Last fall, one of the nation’s most prestigious performing-arts organizations devoted a great deal of money and time to make GChats taller than giraffes.
Or, not GChats, precisely. But in the service of its art, the Metropolitan Opera simulated instant message interfaces by projecting them onto four enormous towers. In front of those, classically trained tenors and altos sang the text of conversations as they sat behind glowing laptop screens. All this was for Nico Muhly’s opera Two Boys, the tale of an attempted murder in the early 2000s which set critical parts of its story online.
And all of that, too, was to solve a problem. As Mark Grimmer, one of the show’s designers, told me when I wrote about Two Boys, “This is an opera that is essentially set on the Internet, and we don’t know what the Internet really looks like.”
It’s a problem that exists far beyond opera, and, indeed, far beyond the stage.
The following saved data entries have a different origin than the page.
lemma card_supersets_of_size:
  assumes X: "finite X" and T: "T \<subseteq> X" "card T \<le> k"
  shows "card {b \<in> subsets_of_size X k. T \<subseteq> b} = (card X - card T) choose (k - card T)"
proof -
  have finT: "finite T" using T(1) X by (rule finite_subset)
  have "bij_betw (\<lambda>b. b - T) {b \<in> subsets_of_size X k. T \<subseteq> b} (subsets_of_size (X - T) (k - card T))"
  proof (rule bij_betw_byWitness[where f' = "\<lambda>c. c \<union> T"])
    show "(\<lambda>b. b - T) ` {b \<in> subsets_of_size X k. T \<subseteq> b} \<subseteq> subsets_of_size (X - T) (k - card T)"
      using X by (auto simp: subsets_of_size_def card_Diff_subset finT intro: finite_subset)
    show "(\<lambda>c. c \<union> T) ` subsets_of_size (X - T) (k - card T) \<subseteq> {b \<in> subsets_of_size X k. T \<subseteq> b}"
    proof (rule image_subsetI)
      fix c assume "c \<in> subsets_of_size (X - T) (k - card T)"
      then have c: "c \<subseteq> X - T" "card c = k - card T" by (auto simp: subsets_of_size_def)
      have "card (c \<union> T) = k"
        using c T finT finite_subset[OF _ X, of c] by (subst card_Un_disjoint) auto
      then show "c \<union> T \<in> {b \<in> subsets_of_size X k. T \<subseteq> b}"
        using c T by (auto simp: subsets_of_size_def)
    qed
  qed (auto simp: subsets_of_size_def)
  then have "card {b \<in> subsets_of_size X k. T \<subseteq> b} = card (X - T) choose (k - card T)"
    using X by (simp add: bij_betw_same_card card_subsets_of_size)
  then show ?thesis using T finT by (simp add: card_Diff_subset)
qed

lemma card_Collect_eq_sum_of_bool:
  "finite A \<Longrightarrow> card {a\<in>A. P a} = (\<Sum>a\<in>A. of_bool (P a))"
  by (simp add: Collect_conj_eq Int_commute)

lemma sum_card_Collect_swap:
  assumes "finite A" "finite B"
  shows "(\<Sum>a\<in>A. card {b\<in>B. P a b}) = (\<Sum>b\<in>B. card {a\<in>A. P a b})"
  using assms by (simp only: card_Collect_eq_sum_of_bool) (rule sum.swap)

definition ordered_pairs :: "('a \<Rightarrow> 'a \<Rightarrow> bool) \<Rightarrow> 'a set \<Rightarrow> ('a \<times> 'a) set" where
  "ordered_pairs Q S = {(e, f). e \<in> S \<and> f \<in> S \<and> e \<noteq> f \<and> Q e f}"

lemma ordered_pairs_subset_Times: "ordered_pairs Q S \<subseteq> S \<times> S"
  by (auto simp: ordered_pairs_def)

lemma finite_ordered_pairs: "finite S \<Longrightarrow> finite (ordered_pairs Q S)"
  using ordered_pairs_subset_Times by (rule finite_subset) simp

lemma card_ordered_pairs:
  assumes "finite S"
  shows "card (ordered_pairs Q S) = (\<Sum>e\<in>S. card {f\<in>S. f \<noteq> e \<and> Q e f})"
proof -
  have "ordered_pairs Q S = Sigma S (\<lambda>e. {f\<in>S. f \<noteq> e \<and> Q e f})"
    by (auto simp: ordered_pairs_def)
  then show ?thesis using assms by simp
qed

lemma card_ordered_pairs_le_if_not_pairwise:
  assumes "finite b" "card b = k" "\<not> pairwise P b"
  shows "card (ordered_pairs P b) \<le> k * k * card (ordered_pairs (\<lambda>e f. \<not> P e f) b)"
proof -
  obtain e f where "e \<in> b" "f \<in> b" "e \<noteq> f" "\<not> P e f"
    using assms(3) unfolding pairwise_def by blast
  then have "(e, f) \<in> ordered_pairs (\<lambda>e f. \<not> P e f) b" by (simp add: ordered_pairs_def)
  then have "card (ordered_pairs (\<lambda>e f. \<not> P e f) b) \<ge> 1"
    using assms(1) finite_ordered_pairs by (metis One_nat_def Suc_leI card_gt_0_iff empty_iff)
  moreover have "card (ordered_pairs P b) \<le> k * k"
    using card_mono[OF _ ordered_pairs_subset_Times] assms(1,2)
    by (metis card_cartesian_product finite_cartesian_product)
  ultimately show ?thesis by (metis le_trans mult_le_mono2 nat_mult_1_right)
qed

lemma sum_card_ordered_pairs_in_blocks:
  assumes X: "finite X" and F: "F \<subseteq> Pow X"
    and cnt: "\<forall>T \<in> subsets_of_size X 2. card {b\<in>F. T \<subseteq> b} = c"
  shows "(\<Sum>b\<in>F. card (ordered_pairs Q b)) = c * card (ordered_pairs Q X)"
proof -
  let ?Y = "ordered_pairs Q X"
  have finF: "finite F" using F X by (meson finite_Pow_iff finite_subset)
  have finY: "finite ?Y" using X by (rule finite_ordered_pairs)
  have "(\<Sum>b\<in>F. card (ordered_pairs Q b)) = (\<Sum>b\<in>F. card {p\<in>?Y. p \<in> b \<times> b})"
    using F by (intro sum.cong arg_cong[where f = card]) (auto simp: ordered_pairs_def)
  also have "\<dots> = (\<Sum>p\<in>?Y. card {b\<in>F. p \<in> b \<times> b})"
    using finF finY by (rule sum_card_Collect_swap)
  also have "\<dots> = (\<Sum>p\<in>?Y. c)"
  proof (rule sum.cong)
    fix p assume "p \<in> ?Y"
    then have "{fst p, snd p} \<in> subsets_of_size X 2"
      by (auto simp: ordered_pairs_def subsets_of_size_def)
    then have "card {b\<in>F. {fst p, snd p} \<subseteq> b} = c" using cnt by blast
    moreover have "{b\<in>F. p \<in> b \<times> b} = {b\<in>F. {fst p, snd p} \<subseteq> b}"
      by (auto simp: mem_Times_iff)
    ultimately show "card {b\<in>F. p \<in> b \<times> b} = c" by (simp only:)
  qed simp
  finally show ?thesis by simp
qed

lemma pair_balanced_family_empty:
  assumes X: "finite X" and F: "F \<subseteq> subsets_of_size X k"
    and cnt: "\<forall>T \<in> subsets_of_size X 2. card {b\<in>F. T \<subseteq> b} = c"
    and not_independent: "\<forall>b\<in>F. \<not> pairwise P b"
    and sparse: "\<forall>e\<in>X. k * k * card {f\<in>X. f \<noteq> e \<and> \<not> P e f} < card {f\<in>X. f \<noteq> e \<and> P e f}"
  shows "F = {}"
proof (rule ccontr)
  assume "F \<noteq> {}"
  then obtain b0 e f where b0: "b0 \<in> F" and ef: "e \<in> b0" "f \<in> b0" "e \<noteq> f"
    using not_independent unfolding pairwise_def by blast
  have FX: "F \<subseteq> Pow X" and card_b: "\<And>b. b \<in> F \<Longrightarrow> card b = k"
    using F by (auto simp: subsets_of_size_def)
  have finF: "finite F" using FX X by (meson finite_Pow_iff finite_subset)
  have "{e, f} \<in> subsets_of_size X 2" using ef b0 FX by (auto simp: subsets_of_size_def)
  then have "card {b\<in>F. {e, f} \<subseteq> b} = c" using cnt by blast
  moreover have "card {b\<in>F. {e, f} \<subseteq> b} \<noteq> 0" using b0 ef finF by auto
  ultimately have "c > 0" by simp
  have block_bound: "card (ordered_pairs P b) \<le> k * k * card (ordered_pairs (\<lambda>e f. \<not> P e f) b)"
    if b: "b \<in> F" for b
    using b FX X card_b not_independent
    by (intro card_ordered_pairs_le_if_not_pairwise) (auto intro: finite_subset)
  have "c * card (ordered_pairs P X) = (\<Sum>b\<in>F. card (ordered_pairs P b))"
    using sum_card_ordered_pairs_in_blocks[OF X FX cnt] by simp
  also have "\<dots> \<le> (\<Sum>b\<in>F. k * k * card (ordered_pairs (\<lambda>e f. \<not> P e f) b))"
    using block_bound by (rule sum_mono)
  also have "\<dots> = c * (k * k * card (ordered_pairs (\<lambda>e f. \<not> P e f) X))"
    using sum_card_ordered_pairs_in_blocks[OF X FX cnt] by (simp add: sum_distrib_left[symmetric])
  finally have "card (ordered_pairs P X) \<le> k * k * card (ordered_pairs (\<lambda>e f. \<not> P e f) X)"
    using \<open>c > 0\<close> by simp
  moreover have "k * k * card (ordered_pairs (\<lambda>e f. \<not> P e f) X) < card (ordered_pairs P X)"
  proof -
    have "X \<noteq> {}" using b0 ef FX by blast
    then have "(\<Sum>e\<in>X. k * k * card {f\<in>X. f \<noteq> e \<and> \<not> P e f}) < (\<Sum>e\<in>X. card {f\<in>X. f \<noteq> e \<and> P e f})"
      using X sparse by (intro sum_strict_mono) auto
    then show ?thesis using X by (simp add: card_ordered_pairs sum_distrib_left)
  qed
  ultimately show False by simp
qed

lemma complement_pair_count:
  assumes X: "finite X" and B: "B \<subseteq> subsets_of_size X k" and k: "2 \<le> k"
    and cnt: "\<forall>T \<in> subsets_of_size X 2. card {b\<in>B. T \<subseteq> b} = lam"
  shows "\<forall>T \<in> subsets_of_size X 2.
           card {b \<in> subsets_of_size X k - B. T \<subseteq> b} = ((card X - 2) choose (k - 2)) - lam"
proof
  fix T assume T: "T \<in> subsets_of_size X 2"
  have "{b \<in> subsets_of_size X k - B. T \<subseteq> b} = {b \<in> subsets_of_size X k. T \<subseteq> b} - {b\<in>B. T \<subseteq> b}"
    by blast
  moreover have "{b\<in>B. T \<subseteq> b} \<subseteq> {b \<in> subsets_of_size X k. T \<subseteq> b}" using B by blast
  moreover have "finite {b\<in>B. T \<subseteq> b}"
    using finite_subset[OF B finite_subsets_of_size[OF X]] by simp
  ultimately have "card {b \<in> subsets_of_size X k - B. T \<subseteq> b}
      = card {b \<in> subsets_of_size X k. T \<subseteq> b} - card {b\<in>B. T \<subseteq> b}"
    by (simp add: card_Diff_subset)
  also have "card {b \<in> subsets_of_size X k. T \<subseteq> b} = (card X - 2) choose (k - 2)"
    using T X k by (subst card_supersets_of_size) (auto simp: subsets_of_size_def)
  finally show "card {b \<in> subsets_of_size X k - B. T \<subseteq> b} = ((card X - 2) choose (k - 2)) - lam"
    using cnt T by simp
qed

lemma card_meeting_edges_le:
  assumes V: "finite V" and g: "g \<in> subsets_of_size V 2"
  shows "card {h \<in> subsets_of_size V 2. \<not> disjnt g h} \<le> 2 * card V"
proof -
  obtain a b where ab: "g = {a, b}" using g by (auto simp: subsets_of_size_def card_2_iff)
  have "{h \<in> subsets_of_size V 2. \<not> disjnt g h} \<subseteq> (\<lambda>z. {a, z}) ` V \<union> (\<lambda>z. {b, z}) ` V"
  proof
    fix h assume h: "h \<in> {h \<in> subsets_of_size V 2. \<not> disjnt g h}"
    then obtain x y where xy: "h = {x, y}" "x \<in> V" "y \<in> V"
      by (auto simp: subsets_of_size_def card_2_iff)
    then show "h \<in> (\<lambda>z. {a, z}) ` V \<union> (\<lambda>z. {b, z}) ` V"
      using h ab by (auto simp: disjnt_def insert_commute)
  qed
  then have "card {h \<in> subsets_of_size V 2. \<not> disjnt g h} \<le> card ((\<lambda>z. {a, z}) ` V \<union> (\<lambda>z. {b, z}) ` V)"
    using V by (intro card_mono) auto
  also have "\<dots> \<le> card ((\<lambda>z. {a, z}) ` V) + card ((\<lambda>z. {b, z}) ` V)"
    by (rule card_Un_le)
  also have "\<dots> \<le> 2 * card V"
    using card_image_le[OF V, of "\<lambda>z. {a, z}"] card_image_le[OF V, of "\<lambda>z. {b, z}"] by simp
  finally show ?thesis .
qed

lemma meeting_edges_sparse:
  assumes V: "finite V" and \<phi>: "bij_betw \<phi> (subsets_of_size V 2) X"
    and large: "2 * (r + 1) * card V + 1 < card V choose 2"
  defines "\<psi> \<equiv> inv_into (subsets_of_size V 2) \<phi>"
  shows "\<forall>e\<in>X. r * card {f\<in>X. f \<noteq> e \<and> \<not> disjnt (\<psi> e) (\<psi> f)}
               < card {f\<in>X. f \<noteq> e \<and> disjnt (\<psi> e) (\<psi> f)}"
proof
  fix e assume e: "e \<in> X"
  let ?E = "subsets_of_size V 2"
  let ?M = "{f\<in>X. f \<noteq> e \<and> \<not> disjnt (\<psi> e) (\<psi> f)}"
  let ?D = "{f\<in>X. f \<noteq> e \<and> disjnt (\<psi> e) (\<psi> f)}"
  have \<psi>: "bij_betw \<psi> X ?E" unfolding \<psi>_def using \<phi> by (rule bij_betw_inv_into)
  have finE: "finite ?E" using V by (rule finite_subsets_of_size)
  have X: "finite X" using \<phi> finE bij_betw_finite by blast
  have card_X: "card X = card V choose 2"
    using bij_betw_same_card[OF \<phi>] card_subsets_of_size[OF V] by simp
  have "inj_on \<psi> ?M" using bij_betw_imp_inj_on[OF \<psi>] by (rule inj_on_subset) auto
  then have "card ?M = card (\<psi> ` ?M)" by (rule card_image[symmetric])
  also have "\<dots> \<le> card {h \<in> ?E. \<not> disjnt (\<psi> e) h}"
    using \<psi> finE by (intro card_mono) (auto dest: bij_betwE)
  also have "\<dots> \<le> 2 * card V"
    using V \<psi> e by (intro card_meeting_edges_le) (auto dest: bij_betwE)
  finally have M: "card ?M \<le> 2 * card V" .
  have "card ?M + card ?D = card (?M \<union> ?D)" using X by (intro card_Un_disjoint[symmetric]) auto
  also have "?M \<union> ?D = X - {e}" by auto
  finally have MD: "card ?M + card ?D = card X - 1" using e X by simp
  have "(r + 1) * card ?M \<le> (r + 1) * (2 * card V)" using M by (rule mult_le_mono2)
  then have "r * card ?M + card ?M + 1 < card X" using large card_X by simp
  then show "r * card ?M < card ?D" using MD by linarith
qed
The writer Quinn Norton has spoken of the same problem in prose writing. “Right now,” she said in early 2013, “my field must tackle describing a world where falling in love, going to war, and filling out tax forms looks the same; it looks like typing.”
And a new short visual essay confirms: It’s a problem in movie-making as well. Internet video-maker Tony Zhou has released a new piece detailing the hurdles recent films have leapt over trying to make sense of the web. There’s no singular, widely embraced, and elegant way to depict the size and chaos of the web on-screen, he says:
What’s most interesting to me about this video is that Zhou posits this not as a difficulty, but as a problem that will be solved. And he provides the Sherlock solution to texting—the method of floating simply styled words in the middle of the frame—as evidence that a singular way of styling the Internet will arrive.
Me, I’m less certain. I’ve seen compelling treatments of the web—the chattering choruses and towering GChats of Two Boys remain my favorite—but I wonder if the experience of the Internet is too manifold and various to ever represent just one way on film. In some ways, texting is far easier to depict than the Internet. At the very least, it’s more visually interesting: You can get a short, concise text anywhere, but you tend to search or use the web sitting in a nondescript room.
But then again, mobile app usage overtook desktop usage earlier this year, and mobile browsing will soon follow. The experience of using the Internet is going to get much closer to the experience of texting. Perhaps, to represent the Internet in art, we had to first bring the Internet out of our rooms and into the world.
The rest of Zhou’s videos, by the way, are worth checking out. He’s entertaining and informative whether lauding the visual comedy of director Edgar Wright or dissecting “Bayhem,” the very odd and very copied visual style of Michael Bay.